Exercise prompt:
The lines to reproduce run from the first one below to the line containing "y w)) \<and>", both included. Reproduce them exactly and nothing else.

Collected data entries
--- START ---
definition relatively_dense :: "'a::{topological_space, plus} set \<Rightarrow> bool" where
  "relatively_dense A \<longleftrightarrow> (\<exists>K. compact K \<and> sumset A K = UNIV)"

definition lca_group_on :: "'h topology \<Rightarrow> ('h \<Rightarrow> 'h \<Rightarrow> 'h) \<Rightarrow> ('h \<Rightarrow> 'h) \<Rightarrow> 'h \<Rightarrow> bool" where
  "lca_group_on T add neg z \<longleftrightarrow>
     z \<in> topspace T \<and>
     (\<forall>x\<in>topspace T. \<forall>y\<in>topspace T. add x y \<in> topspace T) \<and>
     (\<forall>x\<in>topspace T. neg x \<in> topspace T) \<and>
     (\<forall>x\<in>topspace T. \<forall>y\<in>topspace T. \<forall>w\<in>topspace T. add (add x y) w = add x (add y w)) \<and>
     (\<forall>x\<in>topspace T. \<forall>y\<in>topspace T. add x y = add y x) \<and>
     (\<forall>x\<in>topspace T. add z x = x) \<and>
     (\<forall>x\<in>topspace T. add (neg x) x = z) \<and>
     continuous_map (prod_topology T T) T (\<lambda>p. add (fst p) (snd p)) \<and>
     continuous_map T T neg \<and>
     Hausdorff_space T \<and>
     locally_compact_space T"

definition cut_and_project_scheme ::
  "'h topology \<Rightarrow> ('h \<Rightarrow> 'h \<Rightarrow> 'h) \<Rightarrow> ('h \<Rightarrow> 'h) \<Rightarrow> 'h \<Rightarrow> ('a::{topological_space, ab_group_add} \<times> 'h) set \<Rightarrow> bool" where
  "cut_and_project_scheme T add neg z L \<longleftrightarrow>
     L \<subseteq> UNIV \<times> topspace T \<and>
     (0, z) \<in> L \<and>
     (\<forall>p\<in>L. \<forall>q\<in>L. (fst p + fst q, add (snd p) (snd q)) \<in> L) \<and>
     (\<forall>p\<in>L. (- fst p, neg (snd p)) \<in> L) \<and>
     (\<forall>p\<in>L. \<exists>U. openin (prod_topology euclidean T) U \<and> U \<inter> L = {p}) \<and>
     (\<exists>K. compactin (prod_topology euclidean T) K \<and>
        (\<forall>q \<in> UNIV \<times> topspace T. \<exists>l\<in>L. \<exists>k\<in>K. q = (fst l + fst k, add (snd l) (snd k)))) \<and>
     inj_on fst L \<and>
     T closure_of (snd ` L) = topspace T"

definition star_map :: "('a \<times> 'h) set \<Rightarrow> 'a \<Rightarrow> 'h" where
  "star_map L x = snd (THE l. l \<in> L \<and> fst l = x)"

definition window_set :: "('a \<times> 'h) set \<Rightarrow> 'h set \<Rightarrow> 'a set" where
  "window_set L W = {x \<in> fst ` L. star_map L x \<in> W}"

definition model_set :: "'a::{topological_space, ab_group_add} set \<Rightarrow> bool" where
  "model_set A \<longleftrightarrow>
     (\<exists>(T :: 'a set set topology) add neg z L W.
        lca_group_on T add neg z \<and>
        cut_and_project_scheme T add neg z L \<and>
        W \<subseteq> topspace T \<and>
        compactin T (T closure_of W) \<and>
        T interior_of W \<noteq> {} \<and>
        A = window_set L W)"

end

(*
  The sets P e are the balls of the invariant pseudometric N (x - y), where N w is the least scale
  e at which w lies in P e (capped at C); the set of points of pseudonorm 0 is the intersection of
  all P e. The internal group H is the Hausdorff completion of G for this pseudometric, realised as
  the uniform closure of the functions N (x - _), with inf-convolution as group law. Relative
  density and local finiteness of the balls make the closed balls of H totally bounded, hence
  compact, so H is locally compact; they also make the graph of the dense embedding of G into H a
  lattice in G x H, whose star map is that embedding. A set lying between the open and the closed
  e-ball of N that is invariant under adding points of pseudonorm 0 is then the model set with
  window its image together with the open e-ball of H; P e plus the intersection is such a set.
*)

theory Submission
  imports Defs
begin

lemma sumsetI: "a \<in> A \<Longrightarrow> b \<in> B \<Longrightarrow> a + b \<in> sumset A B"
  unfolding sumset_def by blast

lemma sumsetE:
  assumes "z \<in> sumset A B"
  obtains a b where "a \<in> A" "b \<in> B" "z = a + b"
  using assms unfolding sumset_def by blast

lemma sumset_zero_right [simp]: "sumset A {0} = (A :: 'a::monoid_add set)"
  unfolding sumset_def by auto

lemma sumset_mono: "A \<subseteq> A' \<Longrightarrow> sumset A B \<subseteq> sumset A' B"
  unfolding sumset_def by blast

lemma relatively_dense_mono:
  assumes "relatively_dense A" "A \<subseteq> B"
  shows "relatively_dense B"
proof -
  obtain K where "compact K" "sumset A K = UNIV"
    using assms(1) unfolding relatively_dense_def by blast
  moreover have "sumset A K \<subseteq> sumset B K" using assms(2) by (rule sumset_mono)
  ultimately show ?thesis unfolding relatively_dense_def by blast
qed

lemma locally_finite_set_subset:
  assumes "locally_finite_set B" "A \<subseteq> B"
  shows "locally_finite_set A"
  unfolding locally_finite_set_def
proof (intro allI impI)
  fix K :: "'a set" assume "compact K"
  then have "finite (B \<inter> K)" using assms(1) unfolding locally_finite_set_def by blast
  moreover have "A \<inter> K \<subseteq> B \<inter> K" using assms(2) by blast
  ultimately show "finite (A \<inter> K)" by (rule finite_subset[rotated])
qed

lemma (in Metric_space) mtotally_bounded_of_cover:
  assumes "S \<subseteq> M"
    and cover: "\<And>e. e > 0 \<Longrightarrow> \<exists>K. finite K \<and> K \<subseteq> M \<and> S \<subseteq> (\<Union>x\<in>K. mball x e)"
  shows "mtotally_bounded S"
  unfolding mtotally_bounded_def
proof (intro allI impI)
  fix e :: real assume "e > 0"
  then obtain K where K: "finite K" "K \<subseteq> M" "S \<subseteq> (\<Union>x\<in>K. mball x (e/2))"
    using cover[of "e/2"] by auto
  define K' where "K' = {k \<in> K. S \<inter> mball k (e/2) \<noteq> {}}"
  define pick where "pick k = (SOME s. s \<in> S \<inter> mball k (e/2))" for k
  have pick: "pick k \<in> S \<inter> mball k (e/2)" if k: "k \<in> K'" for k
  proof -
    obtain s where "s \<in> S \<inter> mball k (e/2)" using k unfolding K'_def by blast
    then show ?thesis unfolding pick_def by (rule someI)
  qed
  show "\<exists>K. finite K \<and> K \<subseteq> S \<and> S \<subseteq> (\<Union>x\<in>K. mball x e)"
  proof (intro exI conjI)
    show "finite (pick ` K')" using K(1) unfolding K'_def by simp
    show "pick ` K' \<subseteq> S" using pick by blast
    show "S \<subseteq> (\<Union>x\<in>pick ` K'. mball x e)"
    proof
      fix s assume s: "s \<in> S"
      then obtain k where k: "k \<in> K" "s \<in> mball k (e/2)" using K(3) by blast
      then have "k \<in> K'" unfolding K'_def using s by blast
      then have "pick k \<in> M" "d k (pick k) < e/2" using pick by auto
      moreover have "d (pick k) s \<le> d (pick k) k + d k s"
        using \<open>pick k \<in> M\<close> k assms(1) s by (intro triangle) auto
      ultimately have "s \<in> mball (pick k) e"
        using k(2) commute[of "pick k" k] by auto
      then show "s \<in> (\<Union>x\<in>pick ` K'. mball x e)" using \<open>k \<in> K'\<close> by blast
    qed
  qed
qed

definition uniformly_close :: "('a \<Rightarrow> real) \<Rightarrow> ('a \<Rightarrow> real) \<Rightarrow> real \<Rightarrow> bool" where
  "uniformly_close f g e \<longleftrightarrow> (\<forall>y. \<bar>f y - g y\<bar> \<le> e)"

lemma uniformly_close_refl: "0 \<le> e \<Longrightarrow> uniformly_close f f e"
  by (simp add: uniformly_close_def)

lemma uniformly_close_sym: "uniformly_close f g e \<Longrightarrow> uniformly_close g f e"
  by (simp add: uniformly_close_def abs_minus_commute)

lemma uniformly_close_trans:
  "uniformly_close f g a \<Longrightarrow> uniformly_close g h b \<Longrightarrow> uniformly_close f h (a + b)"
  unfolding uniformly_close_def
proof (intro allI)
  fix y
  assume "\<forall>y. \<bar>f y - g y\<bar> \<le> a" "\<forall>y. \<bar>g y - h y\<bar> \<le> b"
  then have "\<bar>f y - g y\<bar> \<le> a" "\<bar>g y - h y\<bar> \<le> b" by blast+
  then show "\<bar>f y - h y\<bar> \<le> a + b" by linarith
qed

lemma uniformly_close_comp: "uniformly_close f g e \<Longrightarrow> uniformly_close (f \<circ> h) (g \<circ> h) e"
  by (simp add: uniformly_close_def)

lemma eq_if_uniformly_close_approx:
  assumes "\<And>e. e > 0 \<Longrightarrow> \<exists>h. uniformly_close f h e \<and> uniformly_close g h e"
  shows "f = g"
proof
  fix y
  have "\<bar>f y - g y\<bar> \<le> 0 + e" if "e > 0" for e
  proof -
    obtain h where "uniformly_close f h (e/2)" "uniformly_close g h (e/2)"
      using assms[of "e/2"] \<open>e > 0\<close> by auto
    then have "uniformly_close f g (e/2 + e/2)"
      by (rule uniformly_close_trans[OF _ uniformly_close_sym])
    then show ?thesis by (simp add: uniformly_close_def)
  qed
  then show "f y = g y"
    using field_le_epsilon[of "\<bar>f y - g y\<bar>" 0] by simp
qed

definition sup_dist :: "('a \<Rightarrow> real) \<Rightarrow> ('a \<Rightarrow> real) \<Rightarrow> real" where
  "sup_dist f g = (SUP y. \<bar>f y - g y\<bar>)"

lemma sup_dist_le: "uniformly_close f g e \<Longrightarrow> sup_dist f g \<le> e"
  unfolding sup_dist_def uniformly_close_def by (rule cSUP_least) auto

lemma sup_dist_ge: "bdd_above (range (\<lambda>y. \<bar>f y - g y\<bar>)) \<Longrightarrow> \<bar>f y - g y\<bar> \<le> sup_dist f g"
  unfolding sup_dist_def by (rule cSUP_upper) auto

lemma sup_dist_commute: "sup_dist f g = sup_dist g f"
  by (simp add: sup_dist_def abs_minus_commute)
--- END ---
Solution to the exercise:
definition relatively_dense :: "'a::{topological_space, plus} set \<Rightarrow> bool" where
  "relatively_dense A \<longleftrightarrow> (\<exists>K. compact K \<and> sumset A K = UNIV)"

definition lca_group_on :: "'h topology \<Rightarrow> ('h \<Rightarrow> 'h \<Rightarrow> 'h) \<Rightarrow> ('h \<Rightarrow> 'h) \<Rightarrow> 'h \<Rightarrow> bool" where
  "lca_group_on T add neg z \<longleftrightarrow>
     z \<in> topspace T \<and>
     (\<forall>x\<in>topspace T. \<forall>y\<in>topspace T. add x y \<in> topspace T) \<and>
     (\<forall>x\<in>topspace T. neg x \<in> topspace T) \<and>
     (\<forall>x\<in>topspace T. \<forall>y\<in>topspace T. \<forall>w\<in>topspace T. add (add x y) w = add x (add y w)) \<and>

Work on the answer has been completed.